The EPA’s Alt-Fuels Tax

• March 13, 2012 4:14 pm


An oil and gas trade group filed a lawsuit Monday challenging the Environmental Protection Agency’s renewable fuel regulations, saying the rules are unachievable and amount to a stealth tax on the industry.

The American Petroleum Institute has requested that the D.C. Circuit Court review the EPA’s rules for cellulosic biofuel, a renewable fuel source made out of plant material such as switch grass and woodchips.

In a statement, API Director of Downstream and Industry Operations Bob Greco said the EPA’s mandate was "divorced from reality" and "forces refiners to purchase credits for cellulosic fuels that do not exist."

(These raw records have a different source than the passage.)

definition fin_supp :: "('x \<Rightarrow> 'm::zero) \<Rightarrow> bool" where
  "fin_supp c \<longleftrightarrow> finite {x. c x \<noteq> 0}"

lemma single_chain_0 [simp]: "single_chain x 0 = 0"
  by (simp add: single_chain_def fun_eq_iff)

lemma single_chain_add: "single_chain x (m + m') = single_chain x m + single_chain x (m' :: 'm::monoid_add)"
  by (simp add: single_chain_def fun_eq_iff)

lemma single_chain_diff: "single_chain x (m - m') = single_chain x m - single_chain x (m' :: 'm::group_add)"
  by (simp add: single_chain_def fun_eq_iff)

lemma fin_supp_0 [simp]: "fin_supp 0"
  by (simp add: fin_supp_def)

lemma fin_supp_single_chain [simp]: "fin_supp (single_chain x m)"
  unfolding fin_supp_def single_chain_def by (rule finite_subset[of _ "{x}"]) auto

lemma fin_supp_add [simp]:
  "fin_supp c \<Longrightarrow> fin_supp c' \<Longrightarrow> fin_supp (c + (c' :: 'x \<Rightarrow> 'm::monoid_add))"
  unfolding fin_supp_def by (rule finite_subset[of _ "{x. c x \<noteq> 0} \<union> {x. c' x \<noteq> 0}"]) auto

lemma fin_supp_diff [simp]:
  "fin_supp c \<Longrightarrow> fin_supp c' \<Longrightarrow> fin_supp (c - (c' :: 'x \<Rightarrow> 'm::group_add))"
  unfolding fin_supp_def by (rule finite_subset[of _ "{x. c x \<noteq> 0} \<union> {x. c' x \<noteq> 0}"]) auto

lemma sum_fun_apply: "(\<Sum>i\<in>S. f i) x = (\<Sum>i\<in>S. f i x)"
  by (induction S rule: infinite_finite_induct) auto

lemma sum_single_chain:
  assumes "fin_supp c"
  shows "(\<Sum>x | c x \<noteq> 0. single_chain x (c x)) = c"
proof
  fix y
  show "(\<Sum>x | c x \<noteq> 0. single_chain x (c x)) y = c y"
    using assms by (simp add: sum_fun_apply single_chain_def fin_supp_def)
qed
lemma Mprod_Cons:
  assumes "s \<le> t"
  shows "Mprod M s t = matmul (Mmat M s) (Mprod M (Suc s) t)"
proof -
  have "[s..<Suc t] = s # [Suc s..<Suc t]" using assms by (simp add: upt_conv_Cons)
  then show ?thesis unfolding Mprod_def by (simp add: foldl_matmul_Mmat[symmetric])
qed

lemma Mprod_empty: "Mprod M (Suc t) t = idm"
  unfolding Mprod_def by simp

lemma sum_vecmat_matmul:
  "(\<Sum>w\<in>UNIV. x w * matmul A B w k) = (\<Sum>j\<in>UNIV. vecmat x A j * B j k)"
  unfolding matmul_def vecmat_def
  by (simp add: sum_distrib_left sum_distrib_right mult_ac) (rule sum.swap)

definition doubly_stochastic :: "('v::finite \<Rightarrow> 'v \<Rightarrow> real) \<Rightarrow> bool" where
  "doubly_stochastic A \<longleftrightarrow>
     (\<forall>i j. 0 \<le> A i j) \<and> (\<forall>i. (\<Sum>j\<in>UNIV. A i j) = 1) \<and> (\<forall>j. (\<Sum>i\<in>UNIV. A i j) = 1)"

lemma doubly_stochastic_idm: "doubly_stochastic idm"
  unfolding doubly_stochastic_def idm_def by auto

lemma doubly_stochastic_matmul:
  assumes A: "doubly_stochastic A" and B: "doubly_stochastic B"
  shows "doubly_stochastic (matmul A B)"
proof -
  have rows: "(\<Sum>j\<in>UNIV. matmul A B i j) = 1" for i
  proof -
    have "(\<Sum>j\<in>UNIV. matmul A B i j) = (\<Sum>k\<in>UNIV. A i k * (\<Sum>j\<in>UNIV. B k j))"
      unfolding matmul_def by (simp add: sum_distrib_left) (rule sum.swap)
    then show ?thesis using A B unfolding doubly_stochastic_def by simp
  qed
  have cols: "(\<Sum>i\<in>UNIV. matmul A B i j) = 1" for j
  proof -
    have "(\<Sum>i\<in>UNIV. matmul A B i j) = (\<Sum>k\<in>UNIV. (\<Sum>i\<in>UNIV. A i k) * B k j)"
      unfolding matmul_def by (simp add: sum_distrib_right) (rule sum.swap)
    then show ?thesis using A B unfolding doubly_stochastic_def by simp
  qed
  have "0 \<le> matmul A B i j" for i j
    using A B unfolding matmul_def doubly_stochastic_def by (intro sum_nonneg mult_nonneg_nonneg) auto
  then show ?thesis using rows cols unfolding doubly_stochastic_def by blast
qed

lemma doubly_stochastic_Mmat:
  fixes M :: "nat \<Rightarrow> ('v::finite \<times> 'v) set"
  assumes "is_matching E (M t)"
  shows "doubly_stochastic (Mmat M t)"
proof -
  have rows: "(\<Sum>v\<in>UNIV. Mmat M t u v) = 1" for u
    using sum_Mmat_mult[of E M t u "\<lambda>_. 1", OF assms] by (simp add: match_avg_def)
  then have "(\<Sum>u\<in>UNIV. Mmat M t u v) = 1" for v
    by (simp add: Mmat_sym[of M t _ v])
  moreover have "0 \<le> Mmat M t u v" for u v
    unfolding Mmat_def by auto
  ultimately show ?thesis using rows unfolding doubly_stochastic_def by blast
qed

lemma doubly_stochastic_Mprod:
  fixes M :: "nat \<Rightarrow> ('v::finite \<times> 'v) set"
  assumes "\<And>t. is_matching E (M t)"
  shows "doubly_stochastic (Mprod M a b)"
proof -
  have "doubly_stochastic (foldl (\<lambda>A s. matmul A (Mmat M s)) idm xs)" for xs
    by (induction xs rule: rev_induct)
      (auto intro: doubly_stochastic_idm doubly_stochastic_matmul doubly_stochastic_Mmat[OF assms])
  then show ?thesis unfolding Mprod_def .
qed

lemma sum_vecmat_doubly_stochastic:
  "doubly_stochastic A \<Longrightarrow> (\<Sum>v\<in>UNIV. vecmat x A v) = (\<Sum>u\<in>UNIV. x u)"
  unfolding vecmat_def doubly_stochastic_def
  by (simp add: sum.swap[of _ UNIV UNIV] sum_distrib_left[symmetric])

lemma abs_sub_mean_le_discrepancy:
  fixes xi :: "'v::finite \<Rightarrow> real"
  shows "\<bar>xi j - (\<Sum>v\<in>UNIV. xi v) / real CARD('v)\<bar> \<le> discrepancy xi"
proof -
  define n where "n = real CARD('v)"
  have n: "n > 0" unfolding n_def by simp
  have "{\<bar>xi u - xi v\<bar> | u v. True} = (\<lambda>(u,v). \<bar>xi u - xi v\<bar>) ` UNIV" by auto
  then have "finite {\<bar>xi u - xi v\<bar> | u v. True}" by simp
  then have le: "\<bar>xi j - xi v\<bar> \<le> discrepancy xi" for v
    unfolding discrepancy_def by (intro Max_ge) auto
  have "\<bar>xi j - (\<Sum>v\<in>UNIV. xi v) / n\<bar> = \<bar>\<Sum>v\<in>UNIV. xi j - xi v\<bar> / n"
    using n by (simp add: sum_subtractf n_def field_simps)
  also have "\<dots> \<le> (\<Sum>v\<in>UNIV. \<bar>xi j - xi v\<bar>) / n"
    using n by (intro divide_right_mono sum_abs) auto
  also have "\<dots> \<le> (\<Sum>v\<in>(UNIV::'v set). discrepancy xi) / n"
    using n by (intro divide_right_mono sum_mono le) auto
  also have "\<dots> = discrepancy xi" using n by (simp add: n_def)
  finally show ?thesis unfolding n_def .
qed
lemma untoppled_col_has_untoppled_one:
  assumes k: "k \<in> cols n R" and untoppled: "k \<notin> (\<Union>t. toppled t)"
  shows "\<exists>i. cell i k \<and> T i k = 1 \<and> i \<notin> (\<Union>t. toppled t)"
proof (rule ccontr)
  assume "\<not> ?thesis"
  then have "{i. cell i k \<and> T i k = 1} \<subseteq> (\<Union>t. toppled t)" by blast
  moreover have "finite {i. cell i k \<and> T i k = 1}"
    by (rule finite_subset[OF _ finite_cells_in_col[of k]]) auto
  ultimately obtain t where t: "{i. cell i k \<and> T i k = 1} \<subseteq> toppled t"
    using finite_subset_toppled by metis
  have "toppled t \<subseteq> toppled (2 * t)" by (rule toppled_mono) simp
  with t have "\<forall>i. cell i k \<longrightarrow> T i k = 1 \<longrightarrow> i \<in> toppled (2 * t)" by blast
  moreover have "k \<notin> toppled (2 * t)" using untoppled by blast
  ultimately have "k \<in> block (Suc (2 * t))"
    using col_in_block_Suc_iff[OF k, of "2 * t"] by simp
  then show False using untoppled toppled_Suc[of "2 * t"] by blast
qed

lemma untoppled_row_has_untoppled_zero:
  assumes j: "j \<in> R" and untoppled: "j \<notin> (\<Union>t. toppled t)"
  shows "\<exists>k. cell j k \<and> T j k = 0 \<and> k \<notin> (\<Union>t. toppled t)"
proof (rule ccontr)
  assume "\<not> ?thesis"
  then have "{k. cell j k \<and> T j k = 0} \<subseteq> (\<Union>t. toppled t)" by blast
  moreover have "finite {k. cell j k \<and> T j k = 0}"
    by (rule finite_subset[OF _ finite_cells_in_row[of j]]) auto
  ultimately obtain t where t: "{k. cell j k \<and> T j k = 0} \<subseteq> toppled t"
    using finite_subset_toppled by metis
  have "toppled t \<subseteq> toppled (Suc (2 * t))" by (rule toppled_mono) simp
  with t have "\<forall>k. cell j k \<longrightarrow> T j k = 0 \<longrightarrow> k \<in> toppled (Suc (2 * t))" by blast
  moreover have "j \<notin> toppled (Suc (2 * t))" using untoppled by blast
  moreover have "j \<noteq> 0" using untoppled zero_toppled[of 0] by (metis UNIV_I UN_I)
  ultimately have "j \<in> block (Suc (Suc (2 * t)))"
    using row_in_block_Suc_iff[OF j, of "Suc (2 * t)"] by simp
  then show False using untoppled toppled_Suc[of "Suc (2 * t)"] by blast
qed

The EPA’s renewable fuel standards were first passed in 2007 and require refiners to blend certain amounts of renewable fuel annually, including cellulosic biofuel. In 2010 the mandate for cellulosic fuel was 100 million gallons, rising to 250 million in 2011 and 500 million in 2012.

However, there is no commercially available cellulosic fuel available in the United States. Rather than waive the mandate, which it has the power to do, the EPA lowered the target to 6.6 million gallons for 2011 and 8.65 million gallons for this year.

Refiners must buy a 78-cent waiver credit for every gallon under the target, amounting to approximately $6.8 million in penalties paid to the Treasury. And that’s not counting the other costs of the mandate.

"We have a team of dozens of people—approaching 100—trying to understand how we will comply with these regulations," said one oil industry executive. "The internal hidden costs of the regulation are staggering and far exceed the tax costs."

The American Petroleum Institute requested the EPA waive the cellulosic mandate for the last two years, but it denied the request both times. The EPA has argued setting quotas keeps demand from slipping.

Several cellulosic biofuel plants are expected to be operational by 2012 and 2013. EPA spokeswoman Cathy Milbourn told the New York Times the agency believes the 2012 quota will be "reasonably attainable."

However, the long-term success of the program remains in question. A congressionally requested report from the National Research Council concluded the U.S. is unlikely to reach cellulosic ethanol production mandates by 2022 unless "innovative technologies are developed or policies change."

It also noted that reductions in greenhouse gas emissions because of the mandates were uncertain.

The case is American Petroleum Institute v. U.S. Environmental Protection Agency, 12-1139, U.S. Circuit Court for the District of Columbia Circuit.

In an email, the EPA said it "will review and respond to the suit appropriately."